I added the 'and soon' as the prices of Start Collecting will go up February 4th.


----------



## Future_Wizzard (Jan 22, 2019)

My first box of minis arrived today. I'll be off tomorrow to get some glue and a file so I can get rid of that blade from the end of their guns (not sure why Robots need blades, if your opponent is soft and fleshy enough to stab just punch through it with your metal robot fist right?) 



I've made a few changes to my initial 1000 points list, going to get some deathmarks in there too (I like how they can just drop onto the board after the game has started and being able to target a character is a nice bonus) 



I did look at the start collecting box but if I don't pace myself with buying models I know I'll rush the lot and they will look even worse than they are going to already  At least this way I can buy a unit at a time, get them looking good and then buying the next thing on the list. 



Anyway, I'll post an update again when I get these fellas sorted


- F.W














_I was also going to keep a tally of my spending here too 
_

_so far it's *$83NZD* for the Codex and *$46NZD* for the warriors _


----------



## Shandathe (May 2, 2010)

64 NZD for the warriors I fear.
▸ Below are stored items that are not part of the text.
lemma integrable_gaussian_power:
  fixes s :: real
  assumes "s > 0"
  shows "integrable lborel (\<lambda>x. exp (- s * x\<^sup>2) * x ^ k)"
proof -
  have "integrable lborel (\<lambda>x. sqrt (pi / s) * (normal_density 0 (1 / sqrt (2 * s)) x * (x - 0) ^ k))"
    using assms by (intro integrable_mult_right integrable_normal_moment) simp
  then show ?thesis unfolding exp_neg_square_eq_normal_density[OF assms] by (simp add: mult_ac)
qed

lemma integrable_gaussian_abs_power:
  fixes s :: real
  assumes "s > 0"
  shows "integrable lborel (\<lambda>x. exp (- s * x\<^sup>2) * \<bar>x\<bar> ^ k)"
proof -
  have "integrable lborel (\<lambda>x. sqrt (pi / s) * (normal_density 0 (1 / sqrt (2 * s)) x * \<bar>x - 0\<bar> ^ k))"
    using assms by (intro integrable_mult_right integrable_normal_moment_abs) simp
  then show ?thesis unfolding exp_neg_square_eq_normal_density[OF assms] by (simp add: mult_ac)
qed

lemma integral_gaussian_power:
  fixes s :: real
  assumes "s > 0"
  shows "(\<integral>x. exp (- s * x\<^sup>2) * x ^ n \<partial>lborel)
    = (if even n then sqrt (pi / s) * fact n / ((4 * s) ^ (n div 2) * fact (n div 2)) else 0)"
proof (cases "even n")
  case True
  then obtain k where n: "n = 2 * k" by blast
  have "(2 / (1 / sqrt (2 * s))\<^sup>2) = 4 * s" using assms by (simp add: power_divide)
  then have "(\<integral>x. normal_density 0 (1 / sqrt (2 * s)) x * x ^ (2 * k) \<partial>lborel)
      = fact (2 * k) / ((4 * s) ^ k * fact k)"
    using integral_normal_moment_even[of "1 / sqrt (2 * s)" 0 k] assms by simp
  then show ?thesis using n
    unfolding exp_neg_square_eq_normal_density[OF assms] by (simp add: mult.assoc)
next
  case False
  then obtain k where n: "n = 2 * k + 1" using oddE by blast
  have "(\<integral>x. normal_density 0 (1 / sqrt (2 * s)) x * x ^ (2 * k + 1) \<partial>lborel) = 0"
    using integral_normal_moment_odd[of "1 / sqrt (2 * s)" 0 k] assms by simp
  then show ?thesis using n
    unfolding exp_neg_square_eq_normal_density[OF assms] by (simp add: mult.assoc)
qed

lemma integral_gaussian_power_Suc:
  fixes s :: real
  assumes "s > 0"
  shows "2 * s * (\<integral>x. exp (- s * x\<^sup>2) * x ^ Suc n \<partial>lborel)
    = real n * (\<integral>x. exp (- s * x\<^sup>2) * x ^ (n - 1) \<partial>lborel)"
proof (cases "even n")
  case True
  then show ?thesis unfolding integral_gaussian_power[OF assms] by (cases n) auto
next
  case False
  then obtain k where n: "n = 2 * k + 1" using oddE by blast
  have "Suc n = 2 * Suc k" using n by simp
  moreover have "(fact k :: real) > 0" "s ^ k > 0" "(4::real) ^ k > 0" using assms by auto
  ultimately show ?thesis using n assms
    unfolding integral_gaussian_power[OF assms] by (simp add: divide_simps power_mult_distrib)
qed

lemma integral_gaussian_pderiv:
  fixes P :: "complex poly" and s :: real
  assumes "s > 0"
  shows "(\<integral>x. (poly (pderiv P) (of_real x) - of_real (2 * s * x) * poly P (of_real x))
      * of_real (exp (- s * x\<^sup>2)) \<partial>lborel) = 0"
proof -
  define m where "m k = (\<integral>x. exp (- s * x\<^sup>2) * x ^ k \<partial>lborel)" for k
  define h where "h n x = exp (- s * x\<^sup>2) * (real n * x ^ (n - 1) - 2 * s * x ^ Suc n)" for n x
  have h_eq: "h n = (\<lambda>x. real n * (exp (- s * x\<^sup>2) * x ^ (n - 1)) - 2 * s * (exp (- s * x\<^sup>2) * x ^ Suc n))"
    for n unfolding h_def by (auto simp: algebra_simps)
  have h_int: "integrable lborel (h n)" for n
    unfolding h_eq
    by (intro Bochner_Integration.integrable_diff integrable_mult_right integrable_gaussian_power assms)
  have h_zero: "(\<integral>x. h n x \<partial>lborel) = 0" for n
  proof -
    have "(\<integral>x. h n x \<partial>lborel) = real n * m (n - 1) - 2 * s * m (Suc n)"
      unfolding h_eq m_def
      by (simp only: Bochner_Integration.integral_diff integral_mult_right_zero
          integrable_mult_right integrable_gaussian_power[OF assms])
    then show ?thesis using integral_gaussian_power_Suc[OF assms, of n] unfolding m_def by simp
  qed
  have P: "P = (\<Sum>n\<le>degree P. monom (coeff P n) n)"
    by (rule poly_as_sum_of_monoms[symmetric])
  have "(poly (pderiv P) (of_real x) - of_real (2 * s * x) * poly P (of_real x)) * of_real (exp (- s * x\<^sup>2))
      = (\<Sum>n\<le>degree P. coeff P n * of_real (h n x))" for x
    apply (subst (1 2) P)
    using higher_pderiv_sum[of 1 "\<lambda>n. monom (coeff P n) n" "{..degree P}"]
    by (simp add: poly_sum poly_monom pderiv_monom h_def sum_distrib_left sum_distrib_right
        sum_subtractf[symmetric] algebra_simps)
  then show ?thesis
    by (simp only: Bochner_Integration.integral_sum integrable_mult_right integrable_of_real h_int
        integral_mult_right_zero integral_complex_of_real h_zero) simp
qed

lemma measurable_Complex_pair [measurable]:
  "(\<lambda>(x, y). Complex x y) \<in> borel_measurable (lborel \<Otimes>\<^sub>M lborel)"
proof -
  have "(\<lambda>(x, y). Complex x y) = (\<lambda>p. complex_of_real (fst p) + \<i> * complex_of_real (snd p))"
    by (auto simp: Complex_eq)
  then show ?thesis by simp
qed

lemma lborel_complex_eq_distr:
  "(lborel :: complex measure) = distr (lborel \<Otimes>\<^sub>M lborel) borel (\<lambda>(x, y). Complex x y)"
proof (rule lborel_eqI)
  fix l u :: complex
  assume le: "\<And>b. b \<in> Basis \<Longrightarrow> l \<bullet> b \<le> u \<bullet> b"
  have "Re l \<le> Re u" "Im l \<le> Im u" using le[of 1] le[of \<i>] by auto
  moreover have "(\<lambda>(x, y). Complex x y) -` box l u \<inter> space (lborel \<Otimes>\<^sub>M lborel)
      = box (Re l) (Re u) \<times> box (Im l) (Im u)"
    by (auto simp: box_def Basis_complex_def space_pair_measure)
  ultimately show "emeasure (distr (lborel \<Otimes>\<^sub>M lborel) borel (\<lambda>(x, y). Complex x y)) (box l u)
      = (\<Prod>b\<in>Basis. (u - l) \<bullet> b)"
    by (simp add: emeasure_distr lborel.emeasure_pair_measure_Times ennreal_mult Basis_complex_def)
qed simp

lemma integrable_complex_iff_pair:
  fixes g :: "complex \<Rightarrow> 'a::{banach, second_countable_topology}"
  assumes [measurable]: "g \<in> borel_measurable borel"
  shows "integrable lborel g \<longleftrightarrow> integrable (lborel \<Otimes>\<^sub>M lborel) (\<lambda>(x, y). g (Complex x y))"
  by (subst lborel_complex_eq_distr, subst integrable_distr_eq) (auto simp: split_beta')

lemma integral_complex_iterated:
  fixes g :: "complex \<Rightarrow> 'a::{banach, second_countable_topology}"
  assumes [measurable]: "g \<in> borel_measurable borel" and "integrable lborel g"
  shows "integral\<^sup>L lborel g = (\<integral>y. (\<integral>x. g (Complex x y) \<partial>lborel) \<partial>lborel)"
    and "integral\<^sup>L lborel g = (\<integral>x. (\<integral>y. g (Complex x y) \<partial>lborel) \<partial>lborel)"
proof -
  have int: "integrable (lborel \<Otimes>\<^sub>M lborel) (\<lambda>(x, y). g (Complex x y))"
    using assms integrable_complex_iff_pair by blast
  have eq: "integral\<^sup>L lborel g = integral\<^sup>L (lborel \<Otimes>\<^sub>M lborel) (\<lambda>(x, y). g (Complex x y))"
    by (subst lborel_complex_eq_distr, subst integral_distr) (auto simp: split_beta')
  show "integral\<^sup>L lborel g = (\<integral>y. (\<integral>x. g (Complex x y) \<partial>lborel) \<partial>lborel)"
    unfolding eq by (rule lborel_pair.integral_snd[OF int, symmetric])
  show "integral\<^sup>L lborel g = (\<integral>x. (\<integral>y. g (Complex x y) \<partial>lborel) \<partial>lborel)"
    unfolding eq by (rule lborel_pair.integral_fst[OF int, symmetric])
qed

definition gaussian :: "real \<Rightarrow> complex \<Rightarrow> real" where
  "gaussian s z = exp (- s * (cmod z)\<^sup>2)"

lemma gaussian_measurable [measurable]: "gaussian s \<in> borel_measurable borel"
  unfolding gaussian_def[abs_def] by measurable

lemma gaussian_Complex: "gaussian s (Complex x y) = exp (- s * x\<^sup>2) * exp (- s * y\<^sup>2)"
  unfolding gaussian_def cmod_power2 by (simp add: exp_add[symmetric] algebra_simps)

lemma integrable_gaussian_one_plus_abs_power:
  fixes s :: real
  assumes "s > 0"
  shows "integrable lborel (\<lambda>t. (1 + \<bar>t\<bar>) ^ N * exp (- s * t\<^sup>2))"
proof -
  have "(1 + \<bar>t\<bar>) ^ N * exp (- s * t\<^sup>2) = (\<Sum>k\<le>N. real (N choose k) * (exp (- s * t\<^sup>2) * \<bar>t\<bar> ^ k))"
    for t :: real
    using binomial_ring[of "\<bar>t\<bar>" 1 N] by (simp add: add.commute sum_distrib_left mult_ac)
  then show ?thesis
    by (simp only:) (intro Bochner_Integration.integrable_sum integrable_mult_right
        integrable_gaussian_abs_power assms)
qed

lemma one_plus_cmod_Complex_le: "1 + cmod (Complex x y) \<le> (1 + \<bar>x\<bar>) * (1 + \<bar>y\<bar>)"
proof -
  have "cmod (Complex x y) \<le> \<bar>x\<bar> + \<bar>y\<bar>" using cmod_le[of "Complex x y"] by simp
  moreover have "(1 + \<bar>x\<bar>) * (1 + \<bar>y\<bar>) = 1 + \<bar>x\<bar> + \<bar>y\<bar> + \<bar>x\<bar> * \<bar>y\<bar>"
    by (simp add: algebra_simps)
  ultimately show ?thesis using zero_le_mult_iff[of "\<bar>x\<bar>" "\<bar>y\<bar>"] by linarith
qed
I checked because the price difference between the two in Europe is minimal, so it seemed off. The difference between the box'o'Warriors and Codex is pretty much all shipping costs - air mail being paid mostly by weight adds up quick I suppose. :wild:

Which rather makes the GW site's "Free delivery over $100" like GLaDOS's promises of cake, really...


----------



## Future_Wizzard (Jan 22, 2019)

Shandathe said:


> 64 NZD for the warriors I fear.



Nope, $46. Got them from our NZ version of Ebay. Brand new still sealed. I guess someone overstocked on them or didn't want to collect necrons any more. 



But yeah the prices down here aren't cheap.


In todays hobby update I started modifying the guns by taking off the blades. A lot harder than I expected, doesn't help my eyesight isn't what it once was  


I've also come up with a revised 1000 point list which is


2 x 20 wariors 

3 x 5 deathmarks
Szeras
2x7 Scarab swarms 



For the scarabs I've ben looking at the Puppetswar.eu Cyber Spiders since Forge World don't sell them any more. Plus I like the look of many one a single base instead of just 4. But that's a project for another day, gotta get these warriors sorted first


- F.W


----------



## Shandathe (May 2, 2010)

Okay, I like Deathmarks though I'll warn you that still only gets you mediocre damage against high Toughness vehicles. 

I'd like to hear your reasoning for picking Szeras though. I'd sooner expect a normal Cryptek (with Chronometron) if you're moving away from the Overlord.


----------